YOUR GOAL =
Within the data below, state how many lines contain the string "noteq". Provide the number only.

Stored items =
[Start of Attachment]

(* $\mathcal{OBLOT}^{F}_{\mathcal{F.V.}} > \mathcal{OBLOT}^{F}_{\mathcal{L.V.}}$, i.e. the model $\mathcal{OBLOT}$ under the fully synchronous scheduler with full visibility is computationally more powerful than the model $\mathcal{OBLOT}$ under the fully synchronous scheduler with limited visibility.
   Context: Robots are anonymous, identical, autonomous computational entities viewed as points moving in the Euclidean plane. Each has its own local coordinate system, with no agreement between robots and no common chirality, and perceives itself at its origin. Robots operate in Look-Compute-Move cycles. In Look a robot takes an instantaneous snapshot of the positions (and visible lights, if any) of the robots it can see. In Compute it runs the common algorithm on the snapshot to obtain a destination. In Move it moves there. Models: - $\mathcal{OBLOT}$: robots are oblivious (no memory of previous cycles) and silent (no means of communication). - $\mathcal{LUMI}$: each robot carries a persistent light whose color is taken from a finite set and is set at the end of Compute; the light is visible to the robot itself and to the other robots. - $\mathcal{FSTA}$: the light is internal, visible only to its owner. It acts as a finite persistent state; there is no communication. - $\mathcal{FCOM}$: the light is visible only to the other robots. A robot does not see its own light and is otherwise oblivious. Schedulers: time is divided into rounds. Under the semi-synchronous scheduler $S$ (SSYNCH), in each round an adversarially chosen set of robots is activated and they perform one full cycle in perfect synchronization; every robot is activated infinitely often. Under the fully synchronous scheduler $F$ (FSYNCH), every robot is activated in every round. Visibility: - Full visibility $\mathcal{F.V.}$: every robot sees all robots. - Limited visibility $\mathcal{L.V.}$: a robot sees only the robots within a fixed distance $V_r$ of its current position, with $V_r$ the same for all robots. The visibility graph (robots adjacent iff they see each other) of the initial configuration is assumed connected. Relations: $\mathcal{M}^X_V$ denotes model $\mathcal{M}$ under scheduler $X$ with visibility $V$. For a team $R$ of robots, $Task(\mathcal{M},X,V;R)$ is the set of problems (tasks where robots must form some configuration(s) subject to conditions) solvable by $R$ in that setting. $\mathcal{R}$ is the set of all teams, and $\mathcal{R}_n$ the set of teams of size $n$. - $\mathcal{M}^{X_1}_{V_1} \ge \mathcal{N}^{X_2}_{V_2}$ if for all $R\in\mathcal{R}$, $Task(\mathcal{M},X_1,V_1;R)\supseteq Task(\mathcal{N},X_2,V_2;R)$. - $>$ means $\ge$ holds and there exists $R\in\mathcal{R}$ with $Task(\mathcal{M},X_1,V_1;R)\setminus Task(\mathcal{N},X_2,V_2;R)\neq\emptyset$. - $\perp$ (incomparable) means there exist $R_1,R_2\in\mathcal{R}$ with $Task(\mathcal{M},X_1,V_1;R_1)\setminus Task(\mathcal{N},X_2,V_2;R_1)\neq\emptyset$ and $Task(\mathcal{N},X_2,V_2;R_2)\setminus Task(\mathcal{M},X_1,V_1;R_2)\neq\emptyset$. *)

theory Defs
  imports "HOL-Analysis.Analysis"
begin

text \<open>Robots in the Euclidean plane (modelled as complex numbers), model OBLOT,
  fully synchronous scheduler F.\<close>

datatype visibility = FullVis | LimitedVis

type_synonym config = "complex list"
type_synonym execution = "nat \<Rightarrow> config"
type_synonym problem = "execution \<Rightarrow> bool"
type_synonym algorithm = "complex set \<Rightarrow> complex"

text \<open>A team: number of robots n and common visibility range Vr.\<close>
type_synonym team = "nat \<times> real"

definition teams :: "team set" where
  "teams = {(n, Vr). 1 \<le> n \<and> 0 < Vr}"

text \<open>Local coordinate system orientation: rotation or reflection (no common
  chirality); the origin is the robot's own position.\<close>
definition local_frame :: "(complex \<Rightarrow> complex) \<Rightarrow> bool" where
  "local_frame f \<longleftrightarrow> (\<exists>u. cmod u = 1 \<and> (f = (\<lambda>z. u * z) \<or> f = (\<lambda>z. u * cnj z)))"

definition sees :: "visibility \<Rightarrow> real \<Rightarrow> complex \<Rightarrow> complex \<Rightarrow> bool" where
  "sees vis Vr p q \<longleftrightarrow> (vis = FullVis \<or> dist p q \<le> Vr)"

definition snapshot ::
  "visibility \<Rightarrow> real \<Rightarrow> (complex \<Rightarrow> complex) \<Rightarrow> config \<Rightarrow> complex \<Rightarrow> complex set" where
  "snapshot vis Vr f c p = (\<lambda>q. f (q - p)) ` {q \<in> set c. sees vis Vr p q}"

definition fsync_step ::
  "visibility \<Rightarrow> real \<Rightarrow> algorithm \<Rightarrow> (nat \<Rightarrow> complex \<Rightarrow> complex) \<Rightarrow> config \<Rightarrow> config" where
  "fsync_step vis Vr A fr c =
     map (\<lambda>i. c ! i + inv (fr i) (A (snapshot vis Vr (fr i) c (c ! i)))) [0..<length c]"

primrec fsync_exec ::
  "visibility \<Rightarrow> real \<Rightarrow> algorithm \<Rightarrow> (nat \<Rightarrow> complex \<Rightarrow> complex) \<Rightarrow> config \<Rightarrow> execution" where
  "fsync_exec vis Vr A fr c0 0 = c0"
| "fsync_exec vis Vr A fr c0 (Suc t) = fsync_step vis Vr A fr (fsync_exec vis Vr A fr c0 t)"

definition vis_connected :: "real \<Rightarrow> config \<Rightarrow> bool" where
  "vis_connected Vr c \<longleftrightarrow>
     (\<forall>i<length c. \<forall>j<length c.
        (i, j) \<in> {(a, b). a < length c \<and> b < length c \<and> dist (c ! a) (c ! b) \<le> Vr}\<^sup>*)"

definition Task_OBLOT_F :: "visibility \<Rightarrow> team \<Rightarrow> problem set" where
  "Task_OBLOT_F vis R = (case R of (n, Vr) \<Rightarrow>
     {P. \<exists>A :: algorithm. \<forall>c0 fr.
           length c0 = n \<and> vis_connected Vr c0 \<and> (\<forall>i<n. local_frame (fr i))
           \<longrightarrow> P (fsync_exec vis Vr A fr c0)})"

definition model_ge :: "(team \<Rightarrow> problem set) \<Rightarrow> (team \<Rightarrow> problem set) \<Rightarrow> bool" where
  "model_ge M N \<longleftrightarrow> (\<forall>R\<in>teams. N R \<subseteq> M R)"

definition model_gt :: "(team \<Rightarrow> problem set) \<Rightarrow> (team \<Rightarrow> problem set) \<Rightarrow> bool" where
  "model_gt M N \<longleftrightarrow> model_ge M N \<and> (\<exists>R\<in>teams. M R - N R \<noteq> {})"

end

theory Submission
  imports Defs
begin

text \<open>Full visibility is at least as strong: a robot with full visibility can discard the
  points of its snapshot farther than \<open>Vr\<close> and so simulate any limited-visibility algorithm,
  because local frames are isometries fixing the robot's own position.
  It is strictly stronger: with \<open>Vr = 1\<close>, robot 0 sees the same snapshot \<open>{0, 1}\<close> in the
  configurations \<open>[0, 1, 2]\<close> and \<open>[0, 1, 1]\<close> under limited visibility, so it cannot stay put
  exactly when the team occupies three distinct points; with full visibility it simply counts
  the points it sees.\<close>

lemma local_frame_id: "local_frame (\<lambda>z. z)"
  unfolding local_frame_def by (auto intro!: exI[where x = 1])

lemma local_frame_norm: "local_frame f \<Longrightarrow> cmod (f z) = cmod z"
  unfolding local_frame_def by (auto simp: norm_mult)

lemma local_frame_zero: "local_frame f \<Longrightarrow> f 0 = 0"
  unfolding local_frame_def by auto

lemma local_frame_bij:
  assumes "local_frame f"
  shows "bij f"
proof -
  obtain u where u: "cmod u = 1" and f: "f = (\<lambda>z. u * z) \<or> f = (\<lambda>z. u * cnj z)"
    using assms unfolding local_frame_def by blast
  then have "u \<noteq> 0" by auto
  from f show ?thesis
  proof
    assume "f = (\<lambda>z. u * z)"
    then show ?thesis
      using \<open>u \<noteq> 0\<close> by (auto simp: bij_def inj_def surj_def intro!: exI[where x = "_ / u"])
  next
    assume "f = (\<lambda>z. u * cnj z)"
    then show ?thesis
      using \<open>u \<noteq> 0\<close> by (auto simp: bij_def inj_def surj_def intro!: exI[where x = "cnj (_ / u)"])
  qed
qed

lemma local_frame_inv_eq_0_iff:
  assumes "local_frame f"
  shows "inv f w = 0 \<longleftrightarrow> w = 0"
  using bij_inv_eq_iff[OF local_frame_bij[OF assms], of 0 w] local_frame_zero[OF assms]
  by auto

lemma snapshot_LimitedVis:
  assumes "local_frame f"
  shows "snapshot LimitedVis Vr f c p = {z \<in> snapshot FullVis Vr f c p. cmod z \<le> Vr}"
  unfolding snapshot_def sees_def using local_frame_norm[OF assms]
  by (auto simp: dist_norm norm_minus_commute)

lemma card_snapshot_FullVis:
  assumes "local_frame f"
  shows "card (snapshot FullVis Vr f c p) = card (set c)"
proof -
  have "inj (\<lambda>q. f (q - p))"
    using bij_is_inj[OF local_frame_bij[OF assms]] unfolding inj_def by (metis diff_add_cancel)
  then show ?thesis
    unfolding snapshot_def sees_def by (simp add: card_image inj_on_def inj_def)
qed

lemma nth_fsync_step:
  "i < length c \<Longrightarrow>
    fsync_step vis Vr A fr c ! i = c ! i + inv (fr i) (A (snapshot vis Vr (fr i) c (c ! i)))"
  by (simp add: fsync_step_def)

lemma length_fsync_step [simp]: "length (fsync_step vis Vr A fr c) = length c"
  by (simp add: fsync_step_def)

lemma length_fsync_exec [simp]: "length (fsync_exec vis Vr A fr c0 t) = length c0"
  by (induction t) simp_all

definition truncate_view :: "real \<Rightarrow> algorithm \<Rightarrow> algorithm" where
  "truncate_view Vr A = (\<lambda>S. A {z \<in> S. cmod z \<le> Vr})"

lemma fsync_step_truncate_view:
  assumes "\<forall>i<length c. local_frame (fr i)"
  shows "fsync_step FullVis Vr (truncate_view Vr A) fr c = fsync_step LimitedVis Vr A fr c"
  using assms by (auto simp: fsync_step_def truncate_view_def snapshot_LimitedVis)

lemma fsync_exec_truncate_view:
  assumes "\<forall>i<length c0. local_frame (fr i)"
  shows "fsync_exec FullVis Vr (truncate_view Vr A) fr c0 = fsync_exec LimitedVis Vr A fr c0"
proof
  fix t show "fsync_exec FullVis Vr (truncate_view Vr A) fr c0 t = fsync_exec LimitedVis Vr A fr c0 t"
    by (induction t) (simp_all add: assms fsync_step_truncate_view)
qed

lemma Task_OBLOT_F_LimitedVis_subset: "Task_OBLOT_F LimitedVis R \<subseteq> Task_OBLOT_F FullVis R"
proof
  fix P assume P: "P \<in> Task_OBLOT_F LimitedVis R"
  obtain n Vr where R: "R = (n, Vr)" by fastforce
  from P obtain A where "\<forall>c0 fr. length c0 = n \<and> vis_connected Vr c0 \<and>
      (\<forall>i<n. local_frame (fr i)) \<longrightarrow> P (fsync_exec LimitedVis Vr A fr c0)"
    by (auto simp: Task_OBLOT_F_def R)
  then have "\<forall>c0 fr. length c0 = n \<and> vis_connected Vr c0 \<and>
      (\<forall>i<n. local_frame (fr i)) \<longrightarrow> P (fsync_exec FullVis Vr (truncate_view Vr A) fr c0)"
    by (simp add: fsync_exec_truncate_view)
  then show "P \<in> Task_OBLOT_F FullVis R"
    by (auto simp: Task_OBLOT_F_def R)
qed

lemma vis_connected_hub:
  assumes "k < length c" and "\<forall>i<length c. dist (c ! i) (c ! k) \<le> Vr"
  shows "vis_connected Vr c"
  unfolding vis_connected_def
proof (intro allI impI)
  let ?E = "{(a, b). a < length c \<and> b < length c \<and> dist (c ! a) (c ! b) \<le> Vr}"
  fix i j assume "i < length c" "j < length c"
  with assms have "(i, k) \<in> ?E" "(k, j) \<in> ?E"
    by (auto simp: dist_commute)
  then show "(i, j) \<in> ?E\<^sup>*" by (meson r_into_rtrancl rtrancl_trans)
qed

definition first_stays_iff_three_points :: problem where
  "first_stays_iff_three_points e \<longleftrightarrow> (e 1 ! 0 = e 0 ! 0 \<longleftrightarrow> card (set (e 0)) = 3)"

lemma first_stays_iff_three_points_FullVis:
  "first_stays_iff_three_points \<in> Task_OBLOT_F FullVis (3, Vr)"
proof -
  define A :: algorithm where "A = (\<lambda>S. if card S = 3 then 0 else 1)"
  have "first_stays_iff_three_points (fsync_exec FullVis Vr A fr c0)"
    if "length c0 = 3" and "\<forall>i<3. local_frame (fr i)" for c0 fr
  proof -
    from that have "local_frame (fr 0)" by simp
    with that show ?thesis
      by (simp add: first_stays_iff_three_points_def nth_fsync_step A_def
          card_snapshot_FullVis local_frame_inv_eq_0_iff)
  qed
  then show ?thesis unfolding Task_OBLOT_F_def by auto
qed

lemma first_stays_iff_three_points_not_LimitedVis:
  "first_stays_iff_three_points \<notin> Task_OBLOT_F LimitedVis (3, 1)"
proof
  assume "first_stays_iff_three_points \<in> Task_OBLOT_F LimitedVis (3, 1)"
  then obtain A where A: "\<And>c0 fr. length c0 = 3 \<Longrightarrow> vis_connected 1 c0 \<Longrightarrow>
      \<forall>i<3. local_frame (fr i) \<Longrightarrow>
      first_stays_iff_three_points (fsync_exec LimitedVis 1 A fr c0)"
    unfolding Task_OBLOT_F_def by auto
  define fr :: "nat \<Rightarrow> complex \<Rightarrow> complex" where "fr = (\<lambda>i z. z)"
  define line :: config where "line = [0, 1, 2]"
  define pair :: config where "pair = [0, 1, 1]"
  have frames: "\<forall>i<3. local_frame (fr i)"
    by (simp add: fr_def local_frame_id)
  have "vis_connected 1 line"
    by (rule vis_connected_hub[of 1]) (auto simp: line_def dist_norm less_Suc_eq numeral_3_eq_3)
  then have "first_stays_iff_three_points (fsync_exec LimitedVis 1 A fr line)"
    using A frames by (simp add: line_def)
  moreover have "vis_connected 1 pair"
    by (rule vis_connected_hub[of 1]) (auto simp: pair_def dist_norm less_Suc_eq numeral_3_eq_3)
  then have "first_stays_iff_three_points (fsync_exec LimitedVis 1 A fr pair)"
    using A frames by (simp add: pair_def)
  moreover have "snapshot LimitedVis 1 (fr 0) line 0 = {0, 1}"
    and "snapshot LimitedVis 1 (fr 0) pair 0 = {0, 1}"
    by (auto simp: snapshot_def sees_def fr_def line_def pair_def dist_norm)
  ultimately show False
    by (simp add: first_stays_iff_three_points_def nth_fsync_step fr_def line_def pair_def)
qed

theorem theorem1:
  shows "model_gt (Task_OBLOT_F FullVis) (Task_OBLOT_F LimitedVis)"
proof -
  have "model_ge (Task_OBLOT_F FullVis) (Task_OBLOT_F LimitedVis)"
    by (simp add: model_ge_def Task_OBLOT_F_LimitedVis_subset)
  moreover have "(3, 1) \<in> teams" by (simp add: teams_def)
  moreover have "first_stays_iff_three_points
      \<in> Task_OBLOT_F FullVis (3, 1) - Task_OBLOT_F LimitedVis (3, 1)"
    using first_stays_iff_three_points_FullVis first_stays_iff_three_points_not_LimitedVis
    by blast
  ultimately show ?thesis
    unfolding model_gt_def by blast
qed

end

[End of Attachment]

REPLY =
4